-- Problem to work on --
Tally the lines below that contain the word "simp", and give only that number.

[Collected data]
lemma ess_spectrum_subset_ess_num_range:
  assumes "linear_operator D T"
  shows "ess_spectrum D T \<subseteq> ess_num_range D T"
proof
  fix z assume "z \<in> ess_spectrum D T"
  then obtain X where X: "\<And>n. X n \<in> D" "\<And>n. l2_norm (X n) = 1" and weak: "weakly_to_zero X"
    and singular: "(\<lambda>n. l2_norm (\<lambda>i. T (X n) i - z * X n i)) \<longlonglongrightarrow> 0"
    unfolding ess_spectrum_def by blast
  have bound: "cmod (l2_inner (T (X n)) (X n) - z) \<le> l2_norm (\<lambda>i. T (X n) i - z * X n i)" for n
  proof -
    have x: "X n \<in> l2" "T (X n) \<in> l2"
      using linear_operator_l2[OF assms X(1)] by blast+
    have "(\<lambda>i. T (X n) i - z * X n i) \<in> l2"
      using l2_add[OF x(2) l2_scale[OF x(1), of "- z"]] by simp
    moreover have "l2_inner (\<lambda>i. T (X n) i - z * X n i) (X n) = l2_inner (T (X n)) (X n) - z"
      using l2_inner_lincomb_left[OF x(2) x(1) x(1), of 1 "- z"] X(2)[of n]
      by (simp add: l2_norm_eq_1_iff[OF x(1)])
    ultimately show ?thesis
      using l2_Cauchy_Schwarz[of "\<lambda>i. T (X n) i - z * X n i" "X n"] x X(2) by simp
  qed
  have "(\<lambda>n. l2_inner (T (X n)) (X n) - z) \<longlonglongrightarrow> 0"
    using bound by (intro Lim_null_comparison[OF _ singular] always_eventually allI)
  then have "(\<lambda>n. l2_inner (T (X n)) (X n)) \<longlonglongrightarrow> z"
    by (simp add: Lim_null[symmetric])
  then show "z \<in> ess_num_range D T"
    unfolding ess_num_range_def using X weak by blast
qed

lemma ess_num_range_convex_combination_approx:
  assumes lin: "linear_operator D T"
    and p: "p \<in> ess_num_range D T" and q: "q \<in> ess_num_range D T"
    and s: "0 \<le> s" and t: "0 \<le> t" and st: "s + t = 1" and "0 < \<epsilon>"
  obtains u where "u \<in> D" "l2_norm u = 1" "\<forall>j<N. cmod (u j) < \<epsilon>"
    "cmod (l2_inner (T u) u - (s *\<^sub>R p + t *\<^sub>R q)) < \<epsilon>"
proof -
  define \<delta> where "\<delta> = min (\<epsilon> / 4) (1 / 4)"
  have \<delta>: "0 < \<delta>" "\<delta> \<le> \<epsilon> / 4" "\<delta> \<le> 1 / 4"
    using \<open>0 < \<epsilon>\<close> by (auto simp: \<delta>_def)
  obtain x where x: "x \<in> D" "l2_norm x = 1" "\<forall>j<N. cmod (x j) < \<delta>"
      "cmod (l2_inner (T x) x - p) < \<delta>"
    using ess_num_range_approx_vector[OF p \<delta>(1), of "\<lambda>i. 0" N] by (auto simp: l2_def)
  obtain y where y: "y \<in> D" "l2_norm y = 1" "\<forall>j<N. cmod (y j) < \<delta>"
      "cmod (l2_inner (T y) y - q) < \<delta>" "cmod (l2_inner y x) < \<delta>"
    using ess_num_range_approx_vector[OF q \<delta>(1) linear_operator_l2(1)[OF lin x(1)]] by blast
  have "cmod (l2_inner y x) \<le> 1 / 4" "t \<le> 1"
    using y(5) \<delta>(3) st s by auto
  then obtain u where u: "u \<in> D" "l2_norm u = 1"
      "l2_inner (T u) u = (1 - t) * l2_inner (T x) x + t * l2_inner (T y) y"
      "\<And>j. cmod (u j) \<le> 2 * (cmod (x j) + cmod (y j))"
    using exists_unit_vector_interpolating[OF lin x(1,2) y(1,2) _ t] by blast
  show ?thesis
  proof (rule that[OF u(1,2)])
    show "\<forall>j<N. cmod (u j) < \<epsilon>"
    proof (intro allI impI)
      fix j assume "j < N"
      then show "cmod (u j) < \<epsilon>"
        using u(4)[of j] x(3) y(3) \<delta>(2) by force
    qed
    have "l2_inner (T u) u - (s *\<^sub>R p + t *\<^sub>R q)
        = s * (l2_inner (T x) x - p) + t * (l2_inner (T y) y - q)"
      using st u(3) by (simp add: scaleR_conv_of_real algebra_simps flip: of_real_diff)
    also have "cmod \<dots> \<le> s * cmod (l2_inner (T x) x - p) + t * cmod (l2_inner (T y) y - q)"
      using norm_triangle_ineq[of "s * (l2_inner (T x) x - p)" "t * (l2_inner (T y) y - q)"] s t
      by (simp add: norm_mult)
    also have "\<dots> < \<delta>"
      using x(4) y(4) s t st by (rule convex_bound_lt)
    finally show "cmod (l2_inner (T u) u - (s *\<^sub>R p + t *\<^sub>R q)) < \<epsilon>"
      using \<delta>(2) \<open>0 < \<epsilon>\<close> by linarith
  qed
qed

lemma convex_ess_num_range:
  assumes lin: "linear_operator D T"
  shows "convex (ess_num_range D T)"
proof (rule convexI)
  fix p q and s t :: real
  assume "p \<in> ess_num_range D T" "q \<in> ess_num_range D T" "0 \<le> s" "0 \<le> t" "s + t = 1"
  note approx = ess_num_range_convex_combination_approx[OF lin this]
  show "s *\<^sub>R p + t *\<^sub>R q \<in> ess_num_range D T"
  proof (rule ess_num_rangeI_approx)
    show "D \<subseteq> l2"
      using linear_operator_l2(1)[OF lin] by blast
    show "\<exists>u\<in>D. l2_norm u = 1 \<and> (\<forall>j<N. cmod (u j) < \<epsilon>)
        \<and> cmod (l2_inner (T u) u - (s *\<^sub>R p + t *\<^sub>R q)) < \<epsilon>" if "0 < \<epsilon>" for \<epsilon> N
      using approx[OF that, of N] by blast
  qed
qed

theorem proposition2p2:
  assumes "linear_operator D T"
  shows "closed (ess_num_range D T) \<and> convex (ess_num_range D T) \<and>
         convex hull (ess_spectrum D T) \<subseteq> ess_num_range D T"
proof -
  have convex: "convex (ess_num_range D T)"
    by (rule convex_ess_num_range[OF assms])
  then have "convex hull (ess_spectrum D T) \<subseteq> ess_num_range D T"
    by (rule hull_minimal[OF ess_spectrum_subset_ess_num_range[OF assms]])
  with closed_ess_num_range[OF assms] convex show ?thesis
    by blast
qed

end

-- Reply to the task --
8